Дитрих ощупью пошарил трут, сверкач, огниво, закурил трубку. Стало рассветать. Пришла хозяйка, развела на шестке таганок, принялась кипятить воду, готовить гостям яичницу.
— А где же мой сотоварищ? — спросил Дитрих бабу.
— Да, поди, во дворе… Где боле-та…
Дитрих оделся, вышел во двор. Два есаула седлали лошадей.
— А где наш казак, Остафий Трифоныч? — спросил их офицер.
— Мы, ваше благородие, его не видали.
Подошел третий есаул. Он, оказывается, тоже не видал Остафия. Дитрих приказал двоим поискать его по селу, а третьего направил к старосте за лошадьми, чтоб пригнал сюда заказанный с вечера экипаж с тройкой. Затем вошел в избу, стал бриться. Прошло полчаса. Дитрих успел позавтракать.
Остафий не являлся. «Что такое?.. Уж не ушел ли он со своим зубом к какому знахарю, либо к зубодеру?» — с нарастающей тревогой в сердце подумал поручик. Возвратились есаулы, сказали:
— Обошли мы, ваше благородие, все избы подчистую. Точные приметы его сказывали. Повсюду нам отвечали, что, мол, ни ночью, ни поутру к ним такой казак не захаживал.
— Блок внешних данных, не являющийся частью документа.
text \<open>Replace the column \<open>i\<close> of the diagonal block \<open>B\<close> by the column \<open>j\<close> of \<open>A\<close>.
  These \<open>d\<close> columns are independent iff \<open>a\<^sub>i\<^sub>j \<noteq> 0\<close>, so equal ranks force \<open>a\<^sub>i\<^sub>j\<close> and
  \<open>a'\<^sub>i\<^sub>j\<close> to vanish together. If \<open>a\<^sub>i\<^sub>j \<noteq> 0\<close>, division with remainder (first in
  coordinate \<open>i\<close> by \<open>|a\<^sub>i\<^sub>j|\<close>, then in each coordinate \<open>k \<noteq> i\<close> by \<open>b\<^sub>k\<^sub>k\<close>) shows that the
  box \<open>[0,|a\<^sub>i\<^sub>j|) \<times> \<Prod>\<^sub>k\<^sub>\<noteq>\<^sub>i [0,b\<^sub>k\<^sub>k)\<close> is a fundamental domain of the lattice they
  generate in \<open>\<int>\<^sup>d\<close>. Hence the multiplicity is \<open>|a\<^sub>i\<^sub>j| \<Prod>\<^sub>k\<^sub>\<noteq>\<^sub>i b\<^sub>k\<^sub>k\<close>, and equal
  multiplicities give \<open>|a\<^sub>i\<^sub>j| = |a'\<^sub>i\<^sub>j|\<close>.\<close>

lemma card_le_mat_rk:
  assumes "finite S" "cols_indep d Y S"
  shows "card S \<le> mat_rk d Y S"
  unfolding mat_rk_def using assms by (intro Max_ge) auto

lemma mat_rk_le_card:
  assumes "finite S"
  shows "mat_rk d Y S \<le> card S"
proof -
  have "{} \<in> {T. T \<subseteq> S \<and> cols_indep d Y T}" by (simp add: cols_indep_def)
  then show ?thesis
    unfolding mat_rk_def using assms by (subst Max_le_iff) (auto intro: card_mono)
qed

lemma mat_rk_eq_card_iff:
  assumes "finite S"
  shows "mat_rk d Y S = card S \<longleftrightarrow> cols_indep d Y S"
proof
  assume rk: "mat_rk d Y S = card S"
  have "{} \<in> {T. T \<subseteq> S \<and> cols_indep d Y T}" by (simp add: cols_indep_def)
  then have "mat_rk d Y S \<in> card ` {T. T \<subseteq> S \<and> cols_indep d Y T}"
    unfolding mat_rk_def using assms by (intro Max_in) auto
  then obtain T where "T \<subseteq> S" "cols_indep d Y T" "card T = card S" using rk by auto
  then show "cols_indep d Y S" using card_subset_eq[OF assms] by metis
qed (use assms card_le_mat_rk mat_rk_le_card le_antisym in blast)

lemma not_cols_indep_zero_col:
  assumes "finite T" "k \<in> T" "\<forall>r<d. Y r k = 0"
  shows "\<not> cols_indep d Y T"
proof
  define c :: "nat \<Rightarrow> real" where "c e = (if e = k then 1 else 0)" for e
  have "(\<Sum>e\<in>T. c e * real_of_int (Y r e)) = 0" if "r < d" for r
  proof -
    have "(\<Sum>e\<in>T. c e * real_of_int (Y r e)) = (\<Sum>e\<in>T. if e = k then real_of_int (Y r k) else 0)"
      by (rule sum.cong) (auto simp: c_def)
    then show ?thesis using assms that by simp
  qed
  moreover assume "cols_indep d Y T"
  ultimately have "c k = 0" using assms(2) unfolding cols_indep_def by blast
  then show False by (simp add: c_def)
qed

lemma diag_pos_of_full_rank:
  assumes diag: "\<forall>r<d. \<forall>k<d. r \<noteq> k \<longrightarrow> Y r k = 0"
    and nonneg: "\<forall>k<d. Y k k \<ge> 0"
    and rk: "mat_rk d Y {..<d} = d"
  shows "\<forall>k<d. Y k k > 0"
proof (intro allI impI)
  fix k assume k: "k < d"
  have "cols_indep d Y {..<d}" using rk mat_rk_eq_card_iff[of "{..<d}"] by simp
  moreover have "\<not> cols_indep d Y {..<d}" if "Y k k = 0"
    using k diag that by (intro not_cols_indep_zero_col) auto
  ultimately show "Y k k > 0" using nonneg k by force
qed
Дитрих сразу изменился в лице, выбежал во двор, строжайше приказал сельскому старосте собрать тотчас всех людей и немедля приступить к обыску амбаров, овинов, огородов, полей и перелесков. А сам с одним есаулом поскакал верхом по Казанскому тракту. И по всем селениям, чрез которые проезжал, приказывал он местным сотским и десятским со всем народом искать по приметам скрывшегося яицкого казака.
— Ежели найдете живого или мертвого, берегите его у себя, я обратно мимо поеду. Кто найдет, тот награждение получит…
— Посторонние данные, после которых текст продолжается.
(* Let $\alpha\ge 0$, $\mu\ge 0$, $n\in\mathbb{N}$ and $x\in[0,\infty)$. Then $$\Delta_1:=T_n(t-x;x)=\frac{2\alpha x^2}{n},\qquad \Delta_2:=T_n((t-x)^2;x)=\frac{1}{n^2}x\left(4x^3\alpha^2+4\alpha x+n\right)+\frac{2\mu x}{n}\frac{e_\mu(-nx)}{e_\mu(nx)},$$ where $T_n$ acts on the variable $t$.
   Context: For $\mu>-\tfrac12$ define $\gamma_\mu(2k)=\dfrac{2^{2k}k!\,\Gamma(k+\mu+1/2)}{\Gamma(\mu+1/2)}$ and $\gamma_\mu(2k+1)=\dfrac{2^{2k+1}k!\,\Gamma(k+\mu+3/2)}{\Gamma(\mu+1/2)}$, $k\ge0$; $e_\mu(x)=\sum_{k\ge0} x^k/\gamma_\mu(k)$; $\theta_k=0$ if $k$ is even and $\theta_k=1$ if $k$ is odd. Let $h_k^\mu(\xi,\alpha)=\gamma_\mu(k)\sum_{j=0}^{\lfloor k/2\rfloor}\dfrac{\alpha^j\xi^{k-2j}}{j!\,\gamma_\mu(k-2j)}$. For $\alpha\ge0,\mu\ge0$, $n\in\mathbb{N}$ and $x\in[0,\infty)$ define $$T_n(f;x)=\frac{1}{e^{\alpha x^2}e_\mu(nx)}\sum_{k=0}^\infty \frac{h_k^\mu(n,\alpha)}{\gamma_\mu(k)}x^k f\!\left(\frac{k+2\mu\theta_k}{n}\right).$$ *)

theory Defs
  imports "HOL-Analysis.Analysis"
begin

definition gamma_mu :: "real \<Rightarrow> nat \<Rightarrow> real" where
  "gamma_mu \<mu> k =
     (if even k
      then 2 ^ k * fact (k div 2) * Gamma (real (k div 2) + \<mu> + 1/2) / Gamma (\<mu> + 1/2)
      else 2 ^ k * fact (k div 2) * Gamma (real (k div 2) + \<mu> + 3/2) / Gamma (\<mu> + 1/2))"

definition e_mu :: "real \<Rightarrow> real \<Rightarrow> real" where
  "e_mu \<mu> x = (\<Sum>k. x ^ k / gamma_mu \<mu> k)"

definition theta :: "nat \<Rightarrow> real" where
  "theta k = (if even k then 0 else 1)"

definition h_mu :: "real \<Rightarrow> nat \<Rightarrow> real \<Rightarrow> real \<Rightarrow> real" where
  "h_mu \<mu> k \<xi> \<alpha> = gamma_mu \<mu> k *
     (\<Sum>j\<le>k div 2. \<alpha> ^ j * \<xi> ^ (k - 2 * j) / (fact j * gamma_mu \<mu> (k - 2 * j)))"

definition T_op :: "real \<Rightarrow> real \<Rightarrow> nat \<Rightarrow> (real \<Rightarrow> real) \<Rightarrow> real \<Rightarrow> real" where
  "T_op \<mu> \<alpha> n f x =
     (1 / (exp (\<alpha> * x ^ 2) * e_mu \<mu> (real n * x))) *
     (\<Sum>k. h_mu \<mu> k (real n) \<alpha> / gamma_mu \<mu> k * x ^ k *
            f ((real k + 2 * \<mu> * theta k) / real n))"

end

theory Submission
  imports Defs
begin

text \<open>Put \<open>z = \<alpha> x\<^sup>2\<close> and \<open>y = n x\<close>. The weight with which \<open>T\<^sub>n\<close> samples the
  \<open>k\<close>-th node is the Cauchy product of the coefficients of \<open>e\<^sup>z = \<Sum>\<^sub>j z\<^sup>j / j!\<close>, placed on
  the even indices \<open>2j\<close>, and of \<open>e\<^sub>\<mu>(y) = \<Sum>\<^sub>m y\<^sup>m / \<gamma>\<^sub>\<mu>(m)\<close>; and the node \<open>k + 2\<mu>\<theta>\<^sub>k\<close>
  of an index \<open>k = 2j + m\<close> equals \<open>2j + (m + 2\<mu>\<theta>\<^sub>m)\<close>. So, as for the sum of two independent
  random variables, the first two moments of \<open>T\<^sub>n\<close> are assembled from those of the two
  factors. These follow by an index shift from \<open>(j+1)! = (j+1) j!\<close> and
  \<open>\<gamma>\<^sub>\<mu>(m+1) = (m + 1 + 2\<mu>\<theta>\<^sub>m\<^sub>+\<^sub>1) \<gamma>\<^sub>\<mu>(m)\<close>; the parity term \<open>\<theta>\<close> in the latter is what
  produces \<open>e\<^sub>\<mu>(-n x)\<close>.\<close>

definition node :: "real \<Rightarrow> nat \<Rightarrow> real" where
  "node \<mu> k = real k + 2 * \<mu> * theta k"

lemma node_0 [simp]: "node \<mu> 0 = 0"
  by (simp add: node_def theta_def)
Дитрих с есаулом доскакали до селения, где был в первый раз задержан Долгополов. Но и здесь беглеца не оказалось. Дитрих сделал те же распоряжения относительно розыска пропавшего важного казака и, поручив следить за этим делом есаулу, сам поскакал обратно. Ни в одном селении беглец обнаружен не был: как в воду канул. Поручик впал в отчаяние: кончилась его служебная карьера, за упущение столь загадочного лица да, к тому же, с огромной суммой денег шутить не станут, чего доброго, разжалуют в солдаты…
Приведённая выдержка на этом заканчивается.